Waterluvian 4 days ago | parent [-]

Can a regular expression be used to restrict Unicode chars like the ones described?

I’m imagining a listing of regex rules for the various gotchas, and then a validation-level use that unions the ones you want.

fluoridation 3 days ago | parent [-]

Why would you need a regular expression for that? It's just a list of characters.

Waterluvian 3 days ago | parent [-]

There’s cases where certain characters coming before or after others is what creates the issue.

arp242 4 days ago | parent | prev [-]

I always thought you kind of need those directional control characters to correctly render bidi text? e.g. if you write something in Hebrew but include a Latin word/name (or the reverse).

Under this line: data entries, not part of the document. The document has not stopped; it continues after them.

lemma conj_argmax_Fobj_zero_excludes_positive:
  assumes \<theta>: "\<theta> \<noteq> lower_theta \<alpha> k" "\<theta> \<le> - 1"
    and zero: "0 \<in> conj_argmax (Fobj \<alpha> k \<gamma> \<theta>) 0" and y: "y \<in> conj_argmax (Fobj \<alpha> k \<gamma> \<theta>) 0" "0 < y"
  shows False
proof (cases "\<theta> < lower_theta \<alpha> k")
  case True
  \<comment> \<open>below the critical level, every \<open>y > 0\<close> is strictly worse than \<open>0\<close>\<close>
  have "Fobj \<alpha> k \<gamma> \<theta> y = Fobj \<alpha> k \<gamma> (lower_theta \<alpha> k) y + (\<theta> - lower_theta \<alpha> k) * y powr \<alpha>"
    by (rule Fobj_theta_shift)
  also have "\<dots> < Fobj \<alpha> k \<gamma> (lower_theta \<alpha> k) y" using True y(2) by (simp add: mult_neg_pos)
  also have "\<dots> \<le> Fobj \<alpha> k \<gamma> \<theta> 0" using Fobj_lower_theta_le y(2) exponent reference by (simp add: Fobj_zero)
  finally show False using conj_argmax_le[OF y(1), of 0] by simp
next
  case False
  \<comment> \<open>above it, the kink point of \<open>lower_theta\<close> is strictly better than \<open>0\<close>\<close>
  then have above: "lower_theta \<alpha> k < \<theta>" using \<theta>(1) by simp
  then have k: "0 < k" using \<theta>(2) loss_aversion by (cases "k = 0") (auto simp: lower_theta_def)
  define y' where "y' = \<gamma> * (1 + k powr (- 1 / (1 - \<alpha>)))"
  have "0 < y'" using reference by (simp add: y'_def add_pos_nonneg)
  have "Fobj \<alpha> k \<gamma> \<theta> 0 = Fobj \<alpha> k \<gamma> (lower_theta \<alpha> k) y'"
    using Fobj_lower_theta_kink_point[OF k] exponent reference by (simp add: Fobj_zero y'_def)
  also have "\<dots> < Fobj \<alpha> k \<gamma> (lower_theta \<alpha> k) y' + (\<theta> - lower_theta \<alpha> k) * y' powr \<alpha>"
    using above \<open>0 < y'\<close> by simp
  also have "\<dots> = Fobj \<alpha> k \<gamma> \<theta> y'" by (rule Fobj_theta_shift[symmetric])
  finally show False using conj_argmax_le[OF zero, of y'] \<open>0 < y'\<close> by simp
qed

lemma conj_argmax_Fobj_unique:
  assumes \<theta>: "\<theta> \<noteq> lower_theta \<alpha> k"
    and y1: "y1 \<in> conj_argmax (Fobj \<alpha> k \<gamma> \<theta>) 0" and y2: "y2 \<in> conj_argmax (Fobj \<alpha> k \<gamma> \<theta>) 0"
  shows "y1 = y2"
proof -
  have "\<theta> \<le> - 1" using conj_argmax_Fobj_empty y1 by force
  note zero_excludes_positive = conj_argmax_Fobj_zero_excludes_positive[OF \<theta> this]
  have nonneg: "0 \<le> y1" "0 \<le> y2" using y1 y2 by (simp_all add: conj_argmax_nonneg)
  show ?thesis
  proof (cases "y1 = 0 \<or> y2 = 0")
    case True
    then show ?thesis using zero_excludes_positive y1 y2 nonneg by (metis order_le_less)
  next
    case False
    then have "0 < y1" "0 < y2" using nonneg by simp_all
    moreover have "\<theta> < 0" using \<open>\<theta> \<le> - 1\<close> by simp
    ultimately show ?thesis using conj_argmax_Fobj_positive_unique y1 y2 by blast
  qed
qed

end

section \<open>The pricing kernel and admissible claims\<close>

lemma ext_expectation_integrable:
  fixes X :: "'a \<Rightarrow> real"
  assumes X: "integrable M X"
  shows "ext_expectation M X = ereal (integral\<^sup>L M X)"
proof -
  have finite: "(\<integral>\<^sup>+x. ennreal (g x) \<partial>M) < \<infinity>" if "\<And>x. \<bar>g x\<bar> \<le> \<bar>X x\<bar>" for g
  proof -
    have "(\<integral>\<^sup>+x. ennreal (g x) \<partial>M) \<le> (\<integral>\<^sup>+x. ennreal (norm (X x)) \<partial>M)"
      using that by (intro nn_integral_mono) (auto intro: ennreal_leI order_trans[OF abs_ge_self])
    also have "\<dots> < \<infinity>" using X integrable_iff_bounded by blast
    finally show ?thesis .
  qed
  have "enn2ereal u = ereal (enn2real u)" if "u < \<infinity>" for u :: ennreal
    using that by (cases u rule: ennreal_cases) auto
  with finite[of X] finite[of "\<lambda>x. - X x"] show ?thesis
    unfolding ext_expectation_def real_lebesgue_integral_def[OF X] by simp
qed

lemma distributed_AE_not_in_countable:
  assumes X: "distributed M lborel X f" and C: "countable C"
  shows "AE x in M. X x \<notin> C"
proof -
  have C_null: "C \<in> null_sets lborel" using C by (rule countable_imp_null_set_lborel)
  then have C_sets: "C \<in> sets lborel" by auto
  have "AE x in lborel. f x * indicator C x = 0"
    using AE_not_in[OF C_null] by eventually_elim simp
  then have "(\<integral>\<^sup>+x. f x * indicator C x \<partial>lborel) = 0"
    using C_sets X by (subst nn_integral_0_iff_AE) (auto dest: distributed_borel_measurable)
  then have "emeasure M (X -` C \<inter> space M) = 0"
    using distributed_emeasure[OF X C_sets] by simp
  moreover have "X -` C \<inter> space M \<in> sets M"
    using C_sets distributed_measurable[OF X] by (simp add: measurable_sets)
  ultimately show ?thesis by (intro AE_I[of _ _ "X -` C \<inter> space M"]) auto
qed

lemma normal_density_mult_exp:
  fixes s a x :: real
  assumes "0 < s"
  shows "normal_density 0 s x * exp (a * x) = exp (a\<^sup>2 * s\<^sup>2 / 2) * normal_density (a * s\<^sup>2) s x"
proof -
  have "- (x - 0)\<^sup>2 / (2 * s\<^sup>2) + a * x = a\<^sup>2 * s\<^sup>2 / 2 + (- (x - a * s\<^sup>2)\<^sup>2 / (2 * s\<^sup>2))"
    using assms by (simp add: field_simps power2_eq_square)
  then show ?thesis unfolding normal_density_def by (simp add: mult_exp_exp)
qed

lemma integrable_exp_normal:
  assumes X: "distributed M lborel X (normal_density 0 s)" and s: "0 < s"
  shows "integrable M (\<lambda>x. exp (a * X x))"
proof -
  have "integrable lborel (\<lambda>x. normal_density 0 s x * exp (a * x))"
    unfolding normal_density_mult_exp[OF s] using integrable_normal_density[OF s] by simp
  then show ?thesis using distributed_integrable[OF X, of "\<lambda>x. exp (a * x)"] by simp
qed

locale bs_market =
  fixes M :: "'a measure" and B :: "real \<Rightarrow> 'a \<Rightarrow> real" and \<mu> r \<sigma> \<tau> :: real
  assumes brownian: "brownian_motion M B"
    and mpr_nonzero: "mpr \<mu> r \<sigma> \<noteq> 0"
    and horizon: "0 < \<tau>"
begin

abbreviation Z :: "'a \<Rightarrow> real" where
  "Z \<equiv> pricing_kernel \<mu> r \<sigma> B \<tau>"

abbreviation Adm :: "('a \<Rightarrow> real) set" where
  "Adm \<equiv> admissible M B \<mu> r \<sigma> \<tau>"

sublocale prob_space M
  using brownian by (simp add: brownian_motion_def)

lemma borel_measurable_B [measurable]: "B t \<in> borel_measurable M"
  using brownian by (simp add: brownian_motion_def)

lemma
  defines "G \<equiv> {B s -` A \<inter> space M | s A. 0 \<le> s \<and> s \<le> \<tau> \<and> A \<in> sets borel} \<union> null_sets M"
  shows space_filtration: "space (augmented_filtration M B \<tau>) = space M"
    and sets_filtration: "sets (augmented_filtration M B \<tau>) = sigma_sets (space M) G"
    and sets_filtration_subset: "sigma_sets (space M) G \<subseteq> sets M"
proof -
  have "G \<subseteq> sets M" unfolding G_def by (auto simp: null_sets_def)
  then show "sigma_sets (space M) G \<subseteq> sets M" using sigma_sets_le_sets_iff by blast
  have "G \<subseteq> Pow (space M)" using \<open>G \<subseteq> sets M\<close> sets.sets_into_space by blast
  then show "space (augmented_filtration M B \<tau>) = space M"
    and "sets (augmented_filtration M B \<tau>) = sigma_sets (space M) G"
    unfolding augmented_filtration_def G_def[symmetric] by (simp_all add: space_measure_of sets_measure_of)
qed

lemma subalgebra_filtration: "subalgebra M (augmented_filtration M B \<tau>)"
  using space_filtration sets_filtration sets_filtration_subset by (simp add: subalgebra_def)

lemma measurable_filtration_imp_measurable:
  "X \<in> borel_measurable (augmented_filtration M B \<tau>) \<Longrightarrow> X \<in> borel_measurable M"
  using measurable_from_subalg[OF subalgebra_filtration] by blast

lemma B_horizon_measurable_filtration: "B \<tau> \<in> borel_measurable (augmented_filtration M B \<tau>)"
proof (rule measurableI)
  fix A :: "real set" assume "A \<in> sets borel"
  then have "B \<tau> -` A \<inter> space M
      \<in> {B s -` A \<inter> space M | s A. 0 \<le> s \<and> s \<le> \<tau> \<and> A \<in> sets borel} \<union> null_sets M"
    using horizon by (intro UnI1 CollectI exI[of _ \<tau>] exI[of _ A]) auto
  then show "B \<tau> -` A \<inter> space (augmented_filtration M B \<tau>) \<in> sets (augmented_filtration M B \<tau>)"
    unfolding space_filtration sets_filtration by (rule sigma_sets.Basic)
qed simp
(* Let $Q:\mathcal S\times\mathcal A\to\mathbb R$ be arbitrary and let $\pi_Q$ be a deterministic policy with $\pi_Q(s)\in\arg\max_aQ(s,a)$. Then $$\mathbb E_{s_0\sim\rho}\big(V^\star(s_0)-V^{\pi_Q}(s_0)\big)\le\mathbb E\Big[\sum_{t=0}^\infty\gamma^t\Big((Q^\star-Q)(s_t,\pi^\star(s_t))+(Q-Q^\star)(s_t,\pi_Q(s_t))\Big)\Big],$$ where the expectation is over $s_0\sim\rho$, $a_\tau=\pi_Q(s_\tau)$, $s_{\tau+1}\sim\hat P^{\pi_Q}_{s_\tau,a_\tau}$ with $\hat P^{\pi_Q}(s'|s,a)\propto P(s'|s,a)e^{-\beta V^{\pi_Q}(s')}$, and $\pi^\star(s)\in\arg\max_aQ^\star(s,a)$.
   Context: $\mathcal S,\mathcal A$ finite; $P=\{P_{s,a}\}$ a transition kernel with $P_{s,a}$ a probability distribution on $\mathcal S$; $r:\mathcal S\times\mathcal A\to[0,1]$; $\gamma\in[0,1)$; $\rho$ a distribution on $\mathcal S$; $\beta>0$. For a policy $\pi$ (map from states to distributions on $\mathcal A$; a deterministic policy is identified with the chosen action $\pi(s)$), $V^\pi,Q^\pi$ are the unique solutions of $V^\pi(s)=\sum_a\pi(a|s)Q^\pi(s,a)$, $Q^\pi(s,a)=r(s,a)-\gamma\beta^{-1}\log\mathbb E_{s'\sim P_{s,a}}e^{-\beta V^\pi(s')}$, and $V^\star,Q^\star$ the unique solutions of $V^\star(s)=\max_aQ^\star(s,a)$, $Q^\star(s,a)=r(s,a)-\gamma\beta^{-1}\log\mathbb E_{s'\sim P_{s,a}}e^{-\beta V^\star(s')}$ (these are the risk-sensitive values for the entropic risk measure, equivalently KL-regularized robust values with penalty $\beta^{-1}\mathrm{KL}$). *)

theory Defs
  imports Complex_Main
begin

text \<open>States: a finite type 's; actions: a finite type 'a.
  Transition kernel P s a s' = P(s' | s, a). A (stochastic) policy is
  pi :: 's => 'a => real with pi s a = pi(a|s).\<close>

definition soft_backup ::
  "('s::finite \<Rightarrow> 'a \<Rightarrow> 's \<Rightarrow> real) \<Rightarrow> ('s \<Rightarrow> 'a \<Rightarrow> real) \<Rightarrow> real \<Rightarrow> real
   \<Rightarrow> ('s \<Rightarrow> real) \<Rightarrow> 's \<Rightarrow> 'a \<Rightarrow> real" where
  "soft_backup P r \<gamma> \<beta> V s a =
     r s a - \<gamma> / \<beta> * ln (\<Sum>s'\<in>UNIV. P s a s' * exp (- \<beta> * V s'))"

definition Vpi ::
  "('s::finite \<Rightarrow> 'a::finite \<Rightarrow> 's \<Rightarrow> real) \<Rightarrow> ('s \<Rightarrow> 'a \<Rightarrow> real) \<Rightarrow> real \<Rightarrow> real
   \<Rightarrow> ('s \<Rightarrow> 'a \<Rightarrow> real) \<Rightarrow> 's \<Rightarrow> real" where
  "Vpi P r \<gamma> \<beta> \<pi> =
     (THE V. \<forall>s. V s = (\<Sum>a\<in>UNIV. \<pi> s a * soft_backup P r \<gamma> \<beta> V s a))"

definition Qpi ::
  "('s::finite \<Rightarrow> 'a::finite \<Rightarrow> 's \<Rightarrow> real) \<Rightarrow> ('s \<Rightarrow> 'a \<Rightarrow> real) \<Rightarrow> real \<Rightarrow> real
   \<Rightarrow> ('s \<Rightarrow> 'a \<Rightarrow> real) \<Rightarrow> 's \<Rightarrow> 'a \<Rightarrow> real" where
  "Qpi P r \<gamma> \<beta> \<pi> = soft_backup P r \<gamma> \<beta> (Vpi P r \<gamma> \<beta> \<pi>)"

definition Vstar ::
  "('s::finite \<Rightarrow> 'a::finite \<Rightarrow> 's \<Rightarrow> real) \<Rightarrow> ('s \<Rightarrow> 'a \<Rightarrow> real) \<Rightarrow> real \<Rightarrow> real
   \<Rightarrow> 's \<Rightarrow> real" where
  "Vstar P r \<gamma> \<beta> =
     (THE V. \<forall>s. V s = Max (range (soft_backup P r \<gamma> \<beta> V s)))"

definition Qstar ::
  "('s::finite \<Rightarrow> 'a::finite \<Rightarrow> 's \<Rightarrow> real) \<Rightarrow> ('s \<Rightarrow> 'a \<Rightarrow> real) \<Rightarrow> real \<Rightarrow> real
   \<Rightarrow> 's \<Rightarrow> 'a \<Rightarrow> real" where
  "Qstar P r \<gamma> \<beta> = soft_backup P r \<gamma> \<beta> (Vstar P r \<gamma> \<beta>)"

definition det_policy :: "('s \<Rightarrow> 'a) \<Rightarrow> 's \<Rightarrow> 'a \<Rightarrow> real" where
  "det_policy f s a = (if a = f s then 1 else 0)"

dcrazy 4 days ago | parent | next [-]

This is the job of the Bidi Algorithm: https://www.unicode.org/reports/tr9/

Of course, this is an “annex”, not part of the core Unicode spec. So in situations where you can’t rely on the presentation layer’s (correct) implementation of the Bidi algorithm, you can fall back to directional override/embedding characters.

acdha 4 days ago | parent [-]

Over the years I’ve run into a few situations where the rules around neutral characters didn’t produce the right result and so we had to use the override characters to force the correct display. It’s completely a niche but very handy when you are mixing quotes within a complex text.

layer8 4 days ago | parent | prev [-]

Read the parent’s link. The characters “to be avoided” are a particular special-purpose subset, not directional control characters in general.